If we take your m and n queries as:
m = range(5)
n = range(6, 11)
Then your single query of m = ButuanMaps.objects.filter(clandpin=getpin). values_list('landproperty__ctaxdec','ssectionid__sbrgyid__cbrgyname') is equivalent to the structure of:
new = zip(m, n)
#[(0, 6), (1, 7), (2, 8), (3, 9), (4, 10)]

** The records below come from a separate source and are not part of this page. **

definition very_well_covered :: "'a set \<Rightarrow> 'a set set \<Rightarrow> bool" where
  "very_well_covered V E \<longleftrightarrow>
     (\<forall>v\<in>V. \<exists>e\<in>E. v \<in> e) \<and>
     (\<forall>C. minimal_vertex_cover V E C \<longrightarrow> 2 * card C = card V)"

(* Monomials in K[V] are represented by their exponent multisets over V.
   A monomial ideal is represented by the set of monomials it contains. *)
definition monomials :: "'a set \<Rightarrow> 'a multiset set" where
  "monomials V = {m. set_mset m \<subseteq> V}"

definition mon_ideal :: "'a set \<Rightarrow> 'a multiset set \<Rightarrow> 'a multiset set" where
  "mon_ideal V S = {m \<in> monomials V. \<exists>g\<in>S. g \<subseteq># m}"

definition edge_mon :: "'a set \<Rightarrow> 'a multiset" where
  "edge_mon e = mset_set e"

definition edge_ideal :: "'a set \<Rightarrow> 'a set set \<Rightarrow> 'a multiset set" where
  "edge_ideal V E = mon_ideal V (edge_mon ` E)"

definition edge_ideal_sq :: "'a set \<Rightarrow> 'a set set \<Rightarrow> 'a multiset set" where
  "edge_ideal_sq V E = mon_ideal V {edge_mon e1 + edge_mon e2 | e1 e2. e1 \<in> E \<and> e2 \<in> E}"

definition mon_colon :: "'a set \<Rightarrow> 'a multiset set \<Rightarrow> 'a multiset \<Rightarrow> 'a multiset set" where
  "mon_colon V J f = {m \<in> monomials V. m + f \<in> J}"

definition min_gens :: "'a multiset set \<Rightarrow> 'a multiset set" where
  "min_gens J = {m \<in> J. \<forall>g\<in>J. g \<subseteq># m \<longrightarrow> g = m}"

definition squarefree_mon_ideal :: "'a multiset set \<Rightarrow> bool" where
  "squarefree_mon_ideal J \<longleftrightarrow> (\<forall>m\<in>min_gens J. \<forall>x. count m x \<le> 1)"

definition ideal_graph_edges :: "'a set \<Rightarrow> 'a multiset set \<Rightarrow> 'a set set" where
  "ideal_graph_edges V J = {{u, v} | u v. u \<in> V \<and> v \<in> V \<and> u \<noteq> v \<and> {#u, v#} \<in> J}"

end

theory Submission
  imports Defs
begin

text \<open>Write \<open>e = ab\<close>. A squarefree quadratic monomial \<open>uv\<close> lies in \<open>(I(G)\<^sup>2 : ab)\<close> iff \<open>uvab\<close>
  is a product of two edges, i.e. iff \<open>uv\<close> is an edge of \<open>G\<close> or \<open>ua\<close> and \<open>vb\<close> are edges; and
  \<open>z\<^sup>2\<close> would be a minimal generator whenever \<open>z\<close> is adjacent to both \<open>a\<close> and \<open>b\<close>, so
  squarefreeness rules out triangles on \<open>e\<close>. Hence \<open>G \<subseteq> G'\<close>. A minimal vertex cover \<open>C\<close> of
  \<open>G'\<close> cannot contain both \<open>a\<close> and \<open>b\<close>: their private edges in \<open>G'\<close> lie in \<open>G\<close>, and
  their other endpoints \<open>z \<noteq> z'\<close> outside \<open>C\<close> would span an uncovered edge of \<open>G'\<close>. Then every
  private edge of a vertex of \<open>C\<close> in \<open>G'\<close> yields one in \<open>G\<close>, so \<open>C\<close> is a minimal vertex
  cover of \<open>G\<close> and has \<open>|V|/2\<close> elements.\<close>

lemma add_mset_pair_eq_cases:
  assumes "{#x, y, z#} = add_mset c {#u, v#}"
  shows "x = c \<and> {y, z} = {u, v} \<or> y = c \<and> {x, z} = {u, v} \<or> z = c \<and> {x, y} = {u, v}"
proof -
  have "c \<in># {#x, y, z#}" using assms by simp
  then consider "c = x" | "c = y" | "c = z" by auto
  then show ?thesis
  proof cases
    case 1
    then have "{#y, z#} = {#u, v#}" using assms by simp
    then show ?thesis using 1 by (metis set_mset_add_mset_insert set_mset_single)
  next
    case 2
    then have "{#x, z#} = {#u, v#}" using assms by (simp add: add_mset_commute)
    then show ?thesis using 2 by (metis set_mset_add_mset_insert set_mset_single)
  next
    case 3
    then have "{#x, y#} = {#u, v#}" using assms by (metis add_mset_commute add_mset_remove_trivial)
    then show ?thesis using 3 by (metis set_mset_add_mset_insert set_mset_single)
  qed
qed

So you can "transpose" that:
zip(*new)
# [(0, 1, 2, 3, 4), (6, 7, 8, 9, 10)]
Then build a dict from that and your keys:
results = dict(zip(['taxdec', 'brgy'], zip(*new))))
# {'brgy': (6, 7, 8, 9, 10), 'taxdec': (0, 1, 2, 3, 4)}
Then json.dumps results.
Or use an OrderedDict for your JSON name and column names values and generalise further:
from collections import OrderedDict
keyvals = OrderedDict([
('taxdec','landproperty__ctaxdec'),
('brgy', 'ssectionid__sbrgyid__cbrgyname')
])
m = ButuanMaps.objects.filter(clandpin=getpin).values_list(*keyvals.values())
result = dict(zip(keyvals, zip(*m)))
That way, you can add/remove columns to be selected and their associated JSON values in one place for the same query.